## Assignment
Find the line in the entries below that contains "imports Defs". Repeat it exactly, and every line after it through the line that contains "int_poly (P +".

## Stored data
(* Let $\boldsymbol{\beta}=(\beta_1,\dots,\beta_p)$ be an alternate base and $\delta=\prod_{i=1}^p\beta_i$. Suppose there exists $\gamma>0$ such that every rational number in $[0,\gamma)$ has an eventually periodic $\boldsymbol{\beta}$-expansion. Then $\delta$ is an algebraic number and $\beta_i\in\mathbb{Q}(\delta)$ for $i=1,\dots,p$.
   Context: An alternate base is a $p$-tuple $\boldsymbol{\beta}=(\beta_1,\dots,\beta_p)$ of reals $\beta_i>1$, identified with the purely periodic sequence $(\beta_k)_{k\ge1}$, $\beta_{k+p}=\beta_k$. For $x\in[0,1)$ the $\boldsymbol{\beta}$-expansion $d_{\boldsymbol{\beta}}(x)=a_1a_2\cdots$ is given by the greedy algorithm $r_0=x$, $a_{k+1}=\lfloor\beta_{k+1}r_k\rfloor$, $r_{k+1}=\beta_{k+1}r_k-a_{k+1}$, so $x=\sum_{k\ge1}a_k/\prod_{i=1}^k\beta_i$. *)

theory Defs
  imports "HOL-Analysis.Analysis" "HOL-Computational_Algebra.Polynomial"
begin

(* An alternate base is a nonempty list bs = [beta_1,...,beta_p] of reals > 1,
   extended periodically: the k-th base (0-indexed) is bs ! (k mod p). *)
definition alt_base :: "real list \<Rightarrow> bool" where
  "alt_base bs \<longleftrightarrow> bs \<noteq> [] \<and> (\<forall>b\<in>set bs. b > 1)"

fun alt_rem :: "real list \<Rightarrow> real \<Rightarrow> nat \<Rightarrow> real" where
  "alt_rem bs x 0 = x"
| "alt_rem bs x (Suc k) =
     bs ! (k mod length bs) * alt_rem bs x k - of_int \<lfloor>bs ! (k mod length bs) * alt_rem bs x k\<rfloor>"

(* alt_digit bs x k = a_{k+1} = floor (beta_{k+1} * r_k) *)
definition alt_digit :: "real list \<Rightarrow> real \<Rightarrow> nat \<Rightarrow> int" where
  "alt_digit bs x k = \<lfloor>bs ! (k mod length bs) * alt_rem bs x k\<rfloor>"

definition eventually_periodic :: "(nat \<Rightarrow> 'a) \<Rightarrow> bool" where
  "eventually_periodic a \<longleftrightarrow> (\<exists>N q. q > 0 \<and> (\<forall>n\<ge>N. a (n + q) = a n))"

definition in_Q_adjoin :: "real \<Rightarrow> real \<Rightarrow> bool" where
  "in_Q_adjoin d y \<longleftrightarrow> (\<exists>P Q :: real poly. (\<forall>i. coeff P i \<in> \<rat>) \<and> (\<forall>i. coeff Q i \<in> \<rat>)
        \<and> poly Q d \<noteq> 0 \<and> y = poly P d / poly Q d)"

end

theory Submission
  imports Defs
begin

text \<open>
  A rational \<open>x\<close> whose expansion is eventually periodic can be written as
  \<open>x = \<Sum>\<^sub>j u\<^sub>j h\<^sub>j\<close> with \<open>u\<^sub>j = 1/(\<beta>\<^sub>1\<cdots>\<beta>\<^sub>j\<^sub>+\<^sub>1)\<close> for \<open>j < p\<close>, where the coefficients \<open>h\<^sub>j\<close> are
  nonnegative and \<open>(\<delta>\<^sup>q - 1) \<delta>\<^sup>n\<^sup>+\<^sup>q h\<^sub>j\<close> is an integer polynomial in \<open>\<delta>\<close>.
  Choosing \<open>x\<close> just above \<open>u\<^sub>s \<delta>\<^sup>-\<^sup>k\<close> forces a nonzero digit at position \<open>kp + s\<close> and
  leaves almost nothing for the other digits, so \<open>\<delta>\<^sup>k (h\<^sub>0, \<dots>, h\<^sub>p\<^sub>-\<^sub>1)\<close> is a vector over
  \<open>\<rat>(\<delta>)\<close> close to the unit vector \<open>e\<^sub>s\<close> whose pairing with \<open>u\<close> lies in \<open>\<rat>(\<delta>)\<close>.
  These vectors form a strictly diagonally dominant system, hence all \<open>u\<^sub>j\<close> lie in
  \<open>\<rat>(\<delta>)\<close>, and so do the quotients \<open>\<beta>\<^sub>j\<^sub>+\<^sub>1 = u\<^sub>j\<^sub>-\<^sub>1 / u\<^sub>j\<close>. Writing \<open>u\<^sub>j = R\<^sub>j(\<delta>)/Q(\<delta>)\<close>
  with integer polynomials and taking \<open>x = 1/N\<close> for an integer \<open>N\<close> exceeding the leading
  coefficient of \<open>Q\<close>, the representation becomes an identity \<open>F(\<delta>) = N G(\<delta>)\<close> between
  integer polynomials whose leading coefficients rule out \<open>F = N G\<close>; so \<open>\<delta>\<close> is algebraic.
\<close>

section \<open>The field \<open>\<rat>(d)\<close> with integral presentations\<close>

definition int_poly :: "real poly \<Rightarrow> bool" where
  "int_poly P \<longleftrightarrow> (\<forall>i. coeff P i \<in> \<int>)"

lemma int_poly_add: "int_poly P \<Longrightarrow> int_poly Q \<Longrightarrow> int_poly (P + Q)"
  and int_poly_diff: "int_poly P \<Longrightarrow> int_poly Q \<Longrightarrow> int_poly (P - Q)"
  and int_poly_smult: "c \<in> \<int> \<Longrightarrow> int_poly P \<Longrightarrow> int_poly (smult c P)"
  and int_poly_monom: "c \<in> \<int> \<Longrightarrow> int_poly (monom c k)"
  unfolding int_poly_def by simp_all

lemma int_poly_0 [simp]: "int_poly 0"
  unfolding int_poly_def by simp

lemma int_poly_mult: "int_poly P \<Longrightarrow> int_poly Q \<Longrightarrow> int_poly (P * Q)"
  unfolding int_poly_def coeff_mult by (auto intro: Ints_mult)

lemma int_poly_one: "int_poly 1"
  using int_poly_monom[of 1 0] by (simp add: one_poly_eq_simps)

lemma int_poly_const: "c \<in> \<int> \<Longrightarrow> int_poly [:c:]"
  unfolding int_poly_def by (simp add: coeff_pCons split: nat.split)

lemma int_poly_sum: "(\<And>j. j \<in> A \<Longrightarrow> int_poly (f j)) \<Longrightarrow> int_poly (\<Sum>j\<in>A. f j)"
  by (induction A rule: infinite_finite_induct) (simp_all add: int_poly_add)

definition Q_adjoin :: "real \<Rightarrow> real set" where
  "Q_adjoin d = {poly P d / poly Q d | P Q. int_poly P \<and> int_poly Q \<and> poly Q d \<noteq> 0}"

lemma Q_adjoinI: "int_poly P \<Longrightarrow> int_poly Q \<Longrightarrow> poly Q d \<noteq> 0 \<Longrightarrow> poly P d / poly Q d \<in> Q_adjoin d"
  unfolding Q_adjoin_def by blast

lemma Q_adjoinE:
  assumes "y \<in> Q_adjoin d"
  obtains P Q where "int_poly P" "int_poly Q" "poly Q d \<noteq> 0" "y = poly P d / poly Q d"
  using assms unfolding Q_adjoin_def by blast

lemma in_Q_adjoin_if_mem_Q_adjoin:
  assumes "y \<in> Q_adjoin d"
  shows "in_Q_adjoin d y"
proof -
  obtain P Q where PQ: "int_poly P" "int_poly Q" "poly Q d \<noteq> 0" "y = poly P d / poly Q d"
    using assms by (rule Q_adjoinE)
  then have "\<forall>i. coeff P i \<in> \<rat>" "\<forall>i. coeff Q i \<in> \<rat>"
    unfolding int_poly_def using Ints_subset_Rats by auto
  with PQ(3,4) show ?thesis
    unfolding in_Q_adjoin_def by blast
qed

lemma Q_adjoin_poly: "int_poly P \<Longrightarrow> poly P d \<in> Q_adjoin d"
  using Q_adjoinI[OF _ int_poly_one, of P d] by simp

lemma Q_adjoin_Rats: "r \<in> \<rat> \<Longrightarrow> r \<in> Q_adjoin d"
proof (erule Rats_cases')
  fix a b :: int assume "b > 0" "r = of_int a / of_int b"
  then have "r = poly [:of_int a:] d / poly [:of_int b:] d"
    by simp
  then show "r \<in> Q_adjoin d"
    using \<open>b > 0\<close> by (simp only:) (intro Q_adjoinI int_poly_const; simp)
qed

lemma Q_adjoin_self: "d \<in> Q_adjoin d"
  using Q_adjoin_poly[OF int_poly_monom, of 1 1 d] by (simp add: poly_monom)

lemma Q_adjoin_add:
  assumes "a \<in> Q_adjoin d" "b \<in> Q_adjoin d"
  shows "a + b \<in> Q_adjoin d"
proof -
  obtain P Q where a: "int_poly P" "int_poly Q" "poly Q d \<noteq> 0" "a = poly P d / poly Q d"
    using assms(1) by (rule Q_adjoinE)
  obtain P' Q' where b: "int_poly P'" "int_poly Q'" "poly Q' d \<noteq> 0" "b = poly P' d / poly Q' d"
    using assms(2) by (rule Q_adjoinE)
  have "a + b = poly (P * Q' + P' * Q) d / poly (Q * Q') d"
    unfolding a(4) b(4) using a(3) b(3) by (simp add: field_simps)
  then show ?thesis
    using a b by (simp only:) (intro Q_adjoinI int_poly_add int_poly_mult; simp)
qed

lemma Q_adjoin_mult:
  assumes "a \<in> Q_adjoin d" "b \<in> Q_adjoin d"
  shows "a * b \<in> Q_adjoin d"
proof -
  obtain P Q where a: "int_poly P" "int_poly Q" "poly Q d \<noteq> 0" "a = poly P d / poly Q d"
    using assms(1) by (rule Q_adjoinE)
  obtain P' Q' where b: "int_poly P'" "int_poly Q'" "poly Q' d \<noteq> 0" "b = poly P' d / poly Q' d"
    using assms(2) by (rule Q_adjoinE)
  have "a * b = poly (P * P') d / poly (Q * Q') d"
    using a b by simp
  then show ?thesis
    using a b by (simp only:) (intro Q_adjoinI int_poly_mult; simp)
qed

lemma Q_adjoin_divide:
  assumes "a \<in> Q_adjoin d" "b \<in> Q_adjoin d"
  shows "a / b \<in> Q_adjoin d"
proof (cases "b = 0")
  case True
  then show ?thesis using Q_adjoin_Rats[of 0] by simp
next
  case False
  obtain P Q where a: "int_poly P" "int_poly Q" "poly Q d \<noteq> 0" "a = poly P d / poly Q d"
    using assms(1) by (rule Q_adjoinE)
  obtain P' Q' where b: "int_poly P'" "int_poly Q'" "poly Q' d \<noteq> 0" "b = poly P' d / poly Q' d"
    using assms(2) by (rule Q_adjoinE)
  have "poly P' d \<noteq> 0" using b False by simp
  moreover have "a / b = poly (P * Q') d / poly (Q * P') d"
    using a b \<open>poly P' d \<noteq> 0\<close> by simp
  ultimately show ?thesis
    using a b by (simp only:) (intro Q_adjoinI int_poly_mult; simp)
qed

lemma Q_adjoin_diff: "a \<in> Q_adjoin d \<Longrightarrow> b \<in> Q_adjoin d \<Longrightarrow> a - b \<in> Q_adjoin d"
  using Q_adjoin_add[of a d "(-1) * b"] Q_adjoin_mult[OF Q_adjoin_Rats[of "-1"]] by simp

lemma Q_adjoin_sum: "(\<And>j. j \<in> A \<Longrightarrow> f j \<in> Q_adjoin d) \<Longrightarrow> (\<Sum>j\<in>A. f j) \<in> Q_adjoin d"
  by (induction A rule: infinite_finite_induct) (auto intro: Q_adjoin_add Q_adjoin_Rats)

lemma Q_adjoin_power: "a \<in> Q_adjoin d \<Longrightarrow> a ^ n \<in> Q_adjoin d"
  by (induction n) (auto intro: Q_adjoin_mult Q_adjoin_Rats)

lemma Q_adjoin_common_denominator:
  assumes "finite A" "\<And>j. j \<in> A \<Longrightarrow> y j \<in> Q_adjoin d"
  obtains Q R where "int_poly Q" "poly Q d \<noteq> 0"
    "\<And>j. j \<in> A \<Longrightarrow> int_poly (R j) \<and> y j * poly Q d = poly (R j) d"
  using assms
proof (induction A arbitrary: thesis rule: finite_induct)
  case empty
  then show ?case using int_poly_one by fastforce
next
  case (insert j0 A)
  obtain Q R where QR: "int_poly Q" "poly Q d \<noteq> 0"
    "\<And>j. j \<in> A \<Longrightarrow> int_poly (R j) \<and> y j * poly Q d = poly (R j) d"
    using insert.IH insert.prems(2) by blast
  obtain P' Q' where y0: "int_poly P'" "int_poly Q'" "poly Q' d \<noteq> 0" "y j0 = poly P' d / poly Q' d"
    using insert.prems(2) by (blast elim: Q_adjoinE)
  show ?case
  proof (rule insert.prems(1)[of "Q * Q'" "\<lambda>j. if j = j0 then P' * Q else R j * Q'"])
    show "int_poly (Q * Q')" "poly (Q * Q') d \<noteq> 0"
      using QR y0 by (simp_all add: int_poly_mult)
    show "int_poly (if j = j0 then P' * Q else R j * Q') \<and>
        y j * poly (Q * Q') d = poly (if j = j0 then P' * Q else R j * Q') d" if "j \<in> insert j0 A" for j
      using that QR y0 by (auto simp: int_poly_mult)
  qed
qed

## Your response
  imports Defs
begin

text \<open>
  A rational \<open>x\<close> whose expansion is eventually periodic can be written as
  \<open>x = \<Sum>\<^sub>j u\<^sub>j h\<^sub>j\<close> with \<open>u\<^sub>j = 1/(\<beta>\<^sub>1\<cdots>\<beta>\<^sub>j\<^sub>+\<^sub>1)\<close> for \<open>j < p\<close>, where the coefficients \<open>h\<^sub>j\<close> are
  nonnegative and \<open>(\<delta>\<^sup>q - 1) \<delta>\<^sup>n\<^sup>+\<^sup>q h\<^sub>j\<close> is an integer polynomial in \<open>\<delta>\<close>.
  Choosing \<open>x\<close> just above \<open>u\<^sub>s \<delta>\<^sup>-\<^sup>k\<close> forces a nonzero digit at position \<open>kp + s\<close> and
  leaves almost nothing for the other digits, so \<open>\<delta>\<^sup>k (h\<^sub>0, \<dots>, h\<^sub>p\<^sub>-\<^sub>1)\<close> is a vector over
  \<open>\<rat>(\<delta>)\<close> close to the unit vector \<open>e\<^sub>s\<close> whose pairing with \<open>u\<close> lies in \<open>\<rat>(\<delta>)\<close>.
  These vectors form a strictly diagonally dominant system, hence all \<open>u\<^sub>j\<close> lie in
  \<open>\<rat>(\<delta>)\<close>, and so do the quotients \<open>\<beta>\<^sub>j\<^sub>+\<^sub>1 = u\<^sub>j\<^sub>-\<^sub>1 / u\<^sub>j\<close>. Writing \<open>u\<^sub>j = R\<^sub>j(\<delta>)/Q(\<delta>)\<close>
  with integer polynomials and taking \<open>x = 1/N\<close> for an integer \<open>N\<close> exceeding the leading
  coefficient of \<open>Q\<close>, the representation becomes an identity \<open>F(\<delta>) = N G(\<delta>)\<close> between
  integer polynomials whose leading coefficients rule out \<open>F = N G\<close>; so \<open>\<delta>\<close> is algebraic.
\<close>

section \<open>The field \<open>\<rat>(d)\<close> with integral presentations\<close>

definition int_poly :: "real poly \<Rightarrow> bool" where
  "int_poly P \<longleftrightarrow> (\<forall>i. coeff P i \<in> \<int>)"

lemma int_poly_add: "int_poly P \<Longrightarrow> int_poly Q \<Longrightarrow> int_poly (P + Q)"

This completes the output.